[Collected data entries]
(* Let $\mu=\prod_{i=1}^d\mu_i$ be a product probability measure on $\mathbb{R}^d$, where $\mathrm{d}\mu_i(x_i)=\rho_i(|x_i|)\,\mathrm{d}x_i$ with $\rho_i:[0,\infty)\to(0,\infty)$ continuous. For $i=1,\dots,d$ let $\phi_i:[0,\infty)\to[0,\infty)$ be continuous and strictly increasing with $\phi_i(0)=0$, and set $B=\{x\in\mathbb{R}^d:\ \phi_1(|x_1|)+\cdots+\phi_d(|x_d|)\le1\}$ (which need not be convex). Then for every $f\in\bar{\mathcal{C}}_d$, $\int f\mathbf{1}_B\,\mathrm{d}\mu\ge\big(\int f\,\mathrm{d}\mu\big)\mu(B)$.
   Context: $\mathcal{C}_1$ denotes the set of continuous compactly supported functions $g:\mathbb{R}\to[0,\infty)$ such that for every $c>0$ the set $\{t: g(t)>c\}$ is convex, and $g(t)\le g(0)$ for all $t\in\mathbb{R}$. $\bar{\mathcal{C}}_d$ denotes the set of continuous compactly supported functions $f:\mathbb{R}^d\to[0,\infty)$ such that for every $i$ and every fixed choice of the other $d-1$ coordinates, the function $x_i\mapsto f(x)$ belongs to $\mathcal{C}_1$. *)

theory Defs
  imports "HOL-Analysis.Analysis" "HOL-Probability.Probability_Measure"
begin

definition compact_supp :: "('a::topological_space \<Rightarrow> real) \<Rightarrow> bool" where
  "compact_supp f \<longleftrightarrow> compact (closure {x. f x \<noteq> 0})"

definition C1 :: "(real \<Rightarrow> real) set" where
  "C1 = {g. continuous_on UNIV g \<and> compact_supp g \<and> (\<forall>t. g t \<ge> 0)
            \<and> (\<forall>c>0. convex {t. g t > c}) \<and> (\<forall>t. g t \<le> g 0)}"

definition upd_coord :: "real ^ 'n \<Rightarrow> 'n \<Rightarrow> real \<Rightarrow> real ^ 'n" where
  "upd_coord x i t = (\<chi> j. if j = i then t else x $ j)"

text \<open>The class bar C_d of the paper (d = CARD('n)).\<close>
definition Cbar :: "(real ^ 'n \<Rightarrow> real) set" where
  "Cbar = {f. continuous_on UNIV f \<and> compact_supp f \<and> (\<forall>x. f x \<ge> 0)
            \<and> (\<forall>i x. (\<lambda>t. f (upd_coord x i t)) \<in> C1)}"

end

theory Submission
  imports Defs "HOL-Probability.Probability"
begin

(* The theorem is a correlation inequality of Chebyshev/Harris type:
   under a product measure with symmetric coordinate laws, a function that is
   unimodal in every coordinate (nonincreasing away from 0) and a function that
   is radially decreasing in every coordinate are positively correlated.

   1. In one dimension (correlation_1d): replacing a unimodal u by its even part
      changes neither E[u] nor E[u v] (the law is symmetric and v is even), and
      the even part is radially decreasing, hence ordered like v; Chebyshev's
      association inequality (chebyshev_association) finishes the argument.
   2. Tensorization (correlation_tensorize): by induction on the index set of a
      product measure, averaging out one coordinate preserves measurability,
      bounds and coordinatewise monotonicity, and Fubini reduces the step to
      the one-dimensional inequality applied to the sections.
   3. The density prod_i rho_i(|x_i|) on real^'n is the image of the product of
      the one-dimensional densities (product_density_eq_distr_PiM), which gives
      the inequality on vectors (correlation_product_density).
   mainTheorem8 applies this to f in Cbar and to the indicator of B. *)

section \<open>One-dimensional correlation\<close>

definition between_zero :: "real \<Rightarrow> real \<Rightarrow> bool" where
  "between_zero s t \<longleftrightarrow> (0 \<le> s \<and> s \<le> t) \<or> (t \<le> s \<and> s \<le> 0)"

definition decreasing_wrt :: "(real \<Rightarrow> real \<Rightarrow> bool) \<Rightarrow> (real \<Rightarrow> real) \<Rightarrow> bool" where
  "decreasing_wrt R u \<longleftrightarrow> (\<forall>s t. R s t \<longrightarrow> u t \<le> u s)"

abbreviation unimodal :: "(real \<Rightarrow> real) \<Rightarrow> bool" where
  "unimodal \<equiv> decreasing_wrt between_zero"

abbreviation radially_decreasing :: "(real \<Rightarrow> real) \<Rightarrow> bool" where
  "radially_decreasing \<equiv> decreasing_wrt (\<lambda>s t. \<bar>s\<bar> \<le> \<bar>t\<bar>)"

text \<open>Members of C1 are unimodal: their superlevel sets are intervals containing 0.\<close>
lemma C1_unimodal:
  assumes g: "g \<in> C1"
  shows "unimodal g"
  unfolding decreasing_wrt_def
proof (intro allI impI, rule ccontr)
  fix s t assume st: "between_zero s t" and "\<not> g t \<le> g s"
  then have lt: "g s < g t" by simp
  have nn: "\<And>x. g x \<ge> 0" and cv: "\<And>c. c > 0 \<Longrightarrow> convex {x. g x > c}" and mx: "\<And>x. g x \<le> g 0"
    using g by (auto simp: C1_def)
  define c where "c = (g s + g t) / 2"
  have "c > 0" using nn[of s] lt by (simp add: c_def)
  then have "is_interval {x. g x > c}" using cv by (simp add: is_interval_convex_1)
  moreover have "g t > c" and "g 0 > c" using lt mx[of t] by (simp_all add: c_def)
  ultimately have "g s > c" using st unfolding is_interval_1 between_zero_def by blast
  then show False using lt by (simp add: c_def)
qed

...

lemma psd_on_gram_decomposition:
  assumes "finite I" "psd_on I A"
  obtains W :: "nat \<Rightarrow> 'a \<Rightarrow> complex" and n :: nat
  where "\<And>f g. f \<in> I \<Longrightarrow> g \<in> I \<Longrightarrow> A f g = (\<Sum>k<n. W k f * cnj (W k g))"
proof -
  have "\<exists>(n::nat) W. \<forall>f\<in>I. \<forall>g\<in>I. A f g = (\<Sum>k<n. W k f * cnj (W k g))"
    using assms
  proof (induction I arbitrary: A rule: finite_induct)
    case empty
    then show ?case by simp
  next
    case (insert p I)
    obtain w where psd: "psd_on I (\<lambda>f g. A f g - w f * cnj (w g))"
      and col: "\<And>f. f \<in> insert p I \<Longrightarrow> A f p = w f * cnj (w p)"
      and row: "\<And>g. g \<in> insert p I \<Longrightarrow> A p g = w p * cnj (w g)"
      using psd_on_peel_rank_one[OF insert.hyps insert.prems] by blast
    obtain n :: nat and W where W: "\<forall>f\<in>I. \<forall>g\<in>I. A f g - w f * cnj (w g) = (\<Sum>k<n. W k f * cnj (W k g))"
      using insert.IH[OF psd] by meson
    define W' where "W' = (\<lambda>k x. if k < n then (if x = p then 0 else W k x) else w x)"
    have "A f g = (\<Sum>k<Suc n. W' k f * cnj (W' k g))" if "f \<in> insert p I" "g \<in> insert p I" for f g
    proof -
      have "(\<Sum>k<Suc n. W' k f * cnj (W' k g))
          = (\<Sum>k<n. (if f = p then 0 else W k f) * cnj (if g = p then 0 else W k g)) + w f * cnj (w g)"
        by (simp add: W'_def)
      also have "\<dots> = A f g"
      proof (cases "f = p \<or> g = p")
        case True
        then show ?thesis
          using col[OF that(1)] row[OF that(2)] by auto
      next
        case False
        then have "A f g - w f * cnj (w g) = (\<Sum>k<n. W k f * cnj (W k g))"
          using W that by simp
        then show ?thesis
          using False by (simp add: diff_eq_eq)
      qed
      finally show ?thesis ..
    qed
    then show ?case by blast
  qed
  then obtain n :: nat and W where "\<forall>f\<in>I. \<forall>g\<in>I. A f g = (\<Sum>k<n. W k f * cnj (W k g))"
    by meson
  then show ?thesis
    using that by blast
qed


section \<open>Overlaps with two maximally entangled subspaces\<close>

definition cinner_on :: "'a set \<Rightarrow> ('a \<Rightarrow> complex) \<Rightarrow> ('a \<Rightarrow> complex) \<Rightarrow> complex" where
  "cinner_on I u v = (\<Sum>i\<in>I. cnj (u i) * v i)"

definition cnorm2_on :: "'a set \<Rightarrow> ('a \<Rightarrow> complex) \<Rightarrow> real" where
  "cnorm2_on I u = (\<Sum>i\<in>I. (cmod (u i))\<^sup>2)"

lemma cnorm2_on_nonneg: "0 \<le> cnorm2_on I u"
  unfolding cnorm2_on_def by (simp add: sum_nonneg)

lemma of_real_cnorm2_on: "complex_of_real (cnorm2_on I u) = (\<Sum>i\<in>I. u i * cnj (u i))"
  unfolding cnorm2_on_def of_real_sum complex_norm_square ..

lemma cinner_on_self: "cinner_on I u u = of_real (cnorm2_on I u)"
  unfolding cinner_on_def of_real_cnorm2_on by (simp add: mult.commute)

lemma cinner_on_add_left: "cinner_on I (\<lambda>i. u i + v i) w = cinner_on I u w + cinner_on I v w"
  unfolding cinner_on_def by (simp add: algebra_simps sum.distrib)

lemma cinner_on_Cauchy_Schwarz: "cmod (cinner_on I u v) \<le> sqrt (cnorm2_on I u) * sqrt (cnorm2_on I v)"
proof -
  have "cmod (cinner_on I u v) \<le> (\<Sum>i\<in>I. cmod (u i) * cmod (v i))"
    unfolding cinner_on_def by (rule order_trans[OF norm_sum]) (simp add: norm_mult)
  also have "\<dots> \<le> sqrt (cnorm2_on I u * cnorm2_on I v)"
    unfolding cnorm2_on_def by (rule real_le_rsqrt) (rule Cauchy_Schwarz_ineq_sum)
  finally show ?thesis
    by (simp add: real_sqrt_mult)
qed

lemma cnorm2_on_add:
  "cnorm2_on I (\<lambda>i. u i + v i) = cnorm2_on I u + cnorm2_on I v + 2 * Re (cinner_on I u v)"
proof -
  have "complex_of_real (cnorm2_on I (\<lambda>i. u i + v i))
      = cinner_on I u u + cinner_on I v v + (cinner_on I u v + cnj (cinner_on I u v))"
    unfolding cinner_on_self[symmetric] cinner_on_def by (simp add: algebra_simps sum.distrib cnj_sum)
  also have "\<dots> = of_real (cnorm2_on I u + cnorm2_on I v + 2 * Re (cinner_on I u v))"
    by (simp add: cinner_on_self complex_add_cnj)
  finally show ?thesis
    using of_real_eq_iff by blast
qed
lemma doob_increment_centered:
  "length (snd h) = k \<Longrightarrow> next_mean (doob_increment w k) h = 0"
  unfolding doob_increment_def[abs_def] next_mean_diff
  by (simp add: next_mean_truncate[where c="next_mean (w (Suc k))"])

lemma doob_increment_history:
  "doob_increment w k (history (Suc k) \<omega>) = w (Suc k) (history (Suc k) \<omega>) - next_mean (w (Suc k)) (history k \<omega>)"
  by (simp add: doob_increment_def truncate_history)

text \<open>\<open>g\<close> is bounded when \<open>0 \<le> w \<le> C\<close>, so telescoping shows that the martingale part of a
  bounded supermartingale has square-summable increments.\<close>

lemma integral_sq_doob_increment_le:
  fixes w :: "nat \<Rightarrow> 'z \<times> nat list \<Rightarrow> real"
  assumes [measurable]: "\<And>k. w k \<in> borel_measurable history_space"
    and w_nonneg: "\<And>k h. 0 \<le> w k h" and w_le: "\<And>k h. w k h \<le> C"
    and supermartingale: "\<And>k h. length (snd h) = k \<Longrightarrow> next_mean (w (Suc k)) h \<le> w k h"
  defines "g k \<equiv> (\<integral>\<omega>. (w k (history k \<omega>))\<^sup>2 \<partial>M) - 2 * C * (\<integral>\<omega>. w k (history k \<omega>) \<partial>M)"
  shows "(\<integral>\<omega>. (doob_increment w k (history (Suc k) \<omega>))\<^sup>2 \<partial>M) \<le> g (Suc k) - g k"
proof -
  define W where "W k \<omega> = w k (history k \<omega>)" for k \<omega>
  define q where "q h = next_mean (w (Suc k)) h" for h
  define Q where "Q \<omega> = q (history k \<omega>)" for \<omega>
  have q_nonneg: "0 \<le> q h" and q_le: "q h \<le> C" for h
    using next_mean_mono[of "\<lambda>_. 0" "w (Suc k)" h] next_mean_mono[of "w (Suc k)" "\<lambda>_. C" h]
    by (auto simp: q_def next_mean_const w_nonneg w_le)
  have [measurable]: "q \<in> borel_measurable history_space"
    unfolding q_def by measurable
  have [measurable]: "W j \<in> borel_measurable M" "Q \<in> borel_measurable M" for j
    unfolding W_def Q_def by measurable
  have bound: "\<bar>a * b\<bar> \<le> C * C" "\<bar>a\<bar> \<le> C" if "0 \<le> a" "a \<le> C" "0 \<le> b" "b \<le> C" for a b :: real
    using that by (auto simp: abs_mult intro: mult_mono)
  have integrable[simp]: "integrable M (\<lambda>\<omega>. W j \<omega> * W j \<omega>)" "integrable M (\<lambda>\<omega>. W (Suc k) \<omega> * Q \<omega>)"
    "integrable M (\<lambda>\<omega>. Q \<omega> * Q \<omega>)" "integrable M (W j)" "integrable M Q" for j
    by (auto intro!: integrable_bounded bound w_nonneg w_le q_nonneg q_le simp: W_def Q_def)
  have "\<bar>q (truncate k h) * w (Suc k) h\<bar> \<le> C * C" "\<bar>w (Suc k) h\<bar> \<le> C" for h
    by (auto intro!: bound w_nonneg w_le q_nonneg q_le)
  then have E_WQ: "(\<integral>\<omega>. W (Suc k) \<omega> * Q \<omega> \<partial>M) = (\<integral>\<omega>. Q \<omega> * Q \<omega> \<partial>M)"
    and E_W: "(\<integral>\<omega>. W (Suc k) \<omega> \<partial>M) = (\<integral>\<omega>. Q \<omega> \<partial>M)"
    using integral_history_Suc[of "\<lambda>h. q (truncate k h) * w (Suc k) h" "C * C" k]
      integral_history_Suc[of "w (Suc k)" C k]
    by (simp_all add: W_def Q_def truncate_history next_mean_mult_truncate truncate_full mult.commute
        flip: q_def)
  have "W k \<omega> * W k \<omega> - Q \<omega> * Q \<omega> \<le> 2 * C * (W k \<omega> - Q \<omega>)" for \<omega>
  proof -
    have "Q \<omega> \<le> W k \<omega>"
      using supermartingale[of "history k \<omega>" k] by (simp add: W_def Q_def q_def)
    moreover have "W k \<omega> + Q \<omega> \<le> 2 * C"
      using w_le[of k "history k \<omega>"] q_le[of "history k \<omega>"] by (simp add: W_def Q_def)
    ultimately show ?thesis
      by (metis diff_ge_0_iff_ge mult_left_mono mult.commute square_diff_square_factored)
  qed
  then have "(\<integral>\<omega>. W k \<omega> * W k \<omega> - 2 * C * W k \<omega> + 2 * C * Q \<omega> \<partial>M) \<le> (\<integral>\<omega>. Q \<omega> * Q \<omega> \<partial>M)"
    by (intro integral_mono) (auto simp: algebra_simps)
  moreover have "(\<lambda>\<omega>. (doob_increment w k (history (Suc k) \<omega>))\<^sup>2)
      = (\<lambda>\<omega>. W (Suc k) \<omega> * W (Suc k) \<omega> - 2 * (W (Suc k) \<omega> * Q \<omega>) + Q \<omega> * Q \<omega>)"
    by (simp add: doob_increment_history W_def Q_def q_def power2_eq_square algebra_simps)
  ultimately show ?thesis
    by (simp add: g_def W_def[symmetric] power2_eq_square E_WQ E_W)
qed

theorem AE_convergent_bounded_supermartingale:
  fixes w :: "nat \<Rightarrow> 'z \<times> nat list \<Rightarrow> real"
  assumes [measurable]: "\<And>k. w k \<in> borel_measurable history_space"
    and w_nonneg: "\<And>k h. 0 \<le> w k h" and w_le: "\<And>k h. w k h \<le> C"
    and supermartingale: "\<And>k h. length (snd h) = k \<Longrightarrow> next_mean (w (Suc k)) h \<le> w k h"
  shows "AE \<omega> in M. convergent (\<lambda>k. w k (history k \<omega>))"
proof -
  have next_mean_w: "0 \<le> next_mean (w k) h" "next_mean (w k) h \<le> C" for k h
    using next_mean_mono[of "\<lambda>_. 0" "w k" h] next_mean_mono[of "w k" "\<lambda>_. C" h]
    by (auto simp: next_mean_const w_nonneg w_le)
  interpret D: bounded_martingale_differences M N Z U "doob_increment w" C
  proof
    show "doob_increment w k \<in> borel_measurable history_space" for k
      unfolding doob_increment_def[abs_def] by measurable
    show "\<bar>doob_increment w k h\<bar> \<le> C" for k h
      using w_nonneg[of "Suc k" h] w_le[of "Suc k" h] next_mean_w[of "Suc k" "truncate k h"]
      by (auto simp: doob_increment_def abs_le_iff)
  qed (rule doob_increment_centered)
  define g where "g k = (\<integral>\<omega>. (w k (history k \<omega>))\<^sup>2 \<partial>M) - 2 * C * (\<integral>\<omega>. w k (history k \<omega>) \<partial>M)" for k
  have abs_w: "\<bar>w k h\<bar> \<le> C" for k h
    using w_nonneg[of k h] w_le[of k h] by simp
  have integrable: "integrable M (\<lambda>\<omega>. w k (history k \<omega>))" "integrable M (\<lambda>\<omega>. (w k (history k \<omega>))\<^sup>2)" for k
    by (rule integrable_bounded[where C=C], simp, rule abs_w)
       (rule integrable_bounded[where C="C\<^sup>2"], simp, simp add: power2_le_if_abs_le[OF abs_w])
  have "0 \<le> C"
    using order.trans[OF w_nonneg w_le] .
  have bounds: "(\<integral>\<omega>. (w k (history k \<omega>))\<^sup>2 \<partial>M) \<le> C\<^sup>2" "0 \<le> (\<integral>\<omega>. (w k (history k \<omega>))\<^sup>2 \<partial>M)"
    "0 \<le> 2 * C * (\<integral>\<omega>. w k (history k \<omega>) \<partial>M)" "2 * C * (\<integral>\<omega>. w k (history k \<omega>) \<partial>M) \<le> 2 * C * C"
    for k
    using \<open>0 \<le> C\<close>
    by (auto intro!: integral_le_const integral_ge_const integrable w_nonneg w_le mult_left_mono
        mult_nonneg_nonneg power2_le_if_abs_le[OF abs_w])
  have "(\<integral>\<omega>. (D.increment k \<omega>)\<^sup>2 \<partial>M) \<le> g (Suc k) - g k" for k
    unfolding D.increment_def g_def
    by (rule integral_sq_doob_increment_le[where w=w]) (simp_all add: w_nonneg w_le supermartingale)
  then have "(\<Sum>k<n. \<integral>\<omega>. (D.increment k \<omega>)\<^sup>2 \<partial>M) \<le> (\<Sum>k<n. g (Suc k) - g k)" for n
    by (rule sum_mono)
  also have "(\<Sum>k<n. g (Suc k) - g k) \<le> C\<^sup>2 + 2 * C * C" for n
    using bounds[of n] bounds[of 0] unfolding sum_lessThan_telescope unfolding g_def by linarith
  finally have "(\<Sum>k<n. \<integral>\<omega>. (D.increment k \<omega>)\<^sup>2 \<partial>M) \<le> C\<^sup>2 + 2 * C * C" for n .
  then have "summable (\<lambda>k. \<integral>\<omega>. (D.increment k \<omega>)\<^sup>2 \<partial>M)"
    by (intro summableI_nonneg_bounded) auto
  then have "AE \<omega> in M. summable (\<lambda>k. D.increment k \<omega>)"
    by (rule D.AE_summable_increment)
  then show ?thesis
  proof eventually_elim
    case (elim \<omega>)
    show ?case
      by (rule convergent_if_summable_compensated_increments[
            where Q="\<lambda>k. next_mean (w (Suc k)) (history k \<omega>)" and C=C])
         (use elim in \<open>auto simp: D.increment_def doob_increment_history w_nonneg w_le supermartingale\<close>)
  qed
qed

Required work: Collect the lines of the data that carry the word "blast".

Response below:
  ultimately have "g s > c" using st unfolding is_interval_1 between_zero_def by blast
      using psd_on_peel_rank_one[OF insert.hyps insert.prems] by blast
    then show ?case by blast
    using that by blast
    using of_real_eq_iff by blast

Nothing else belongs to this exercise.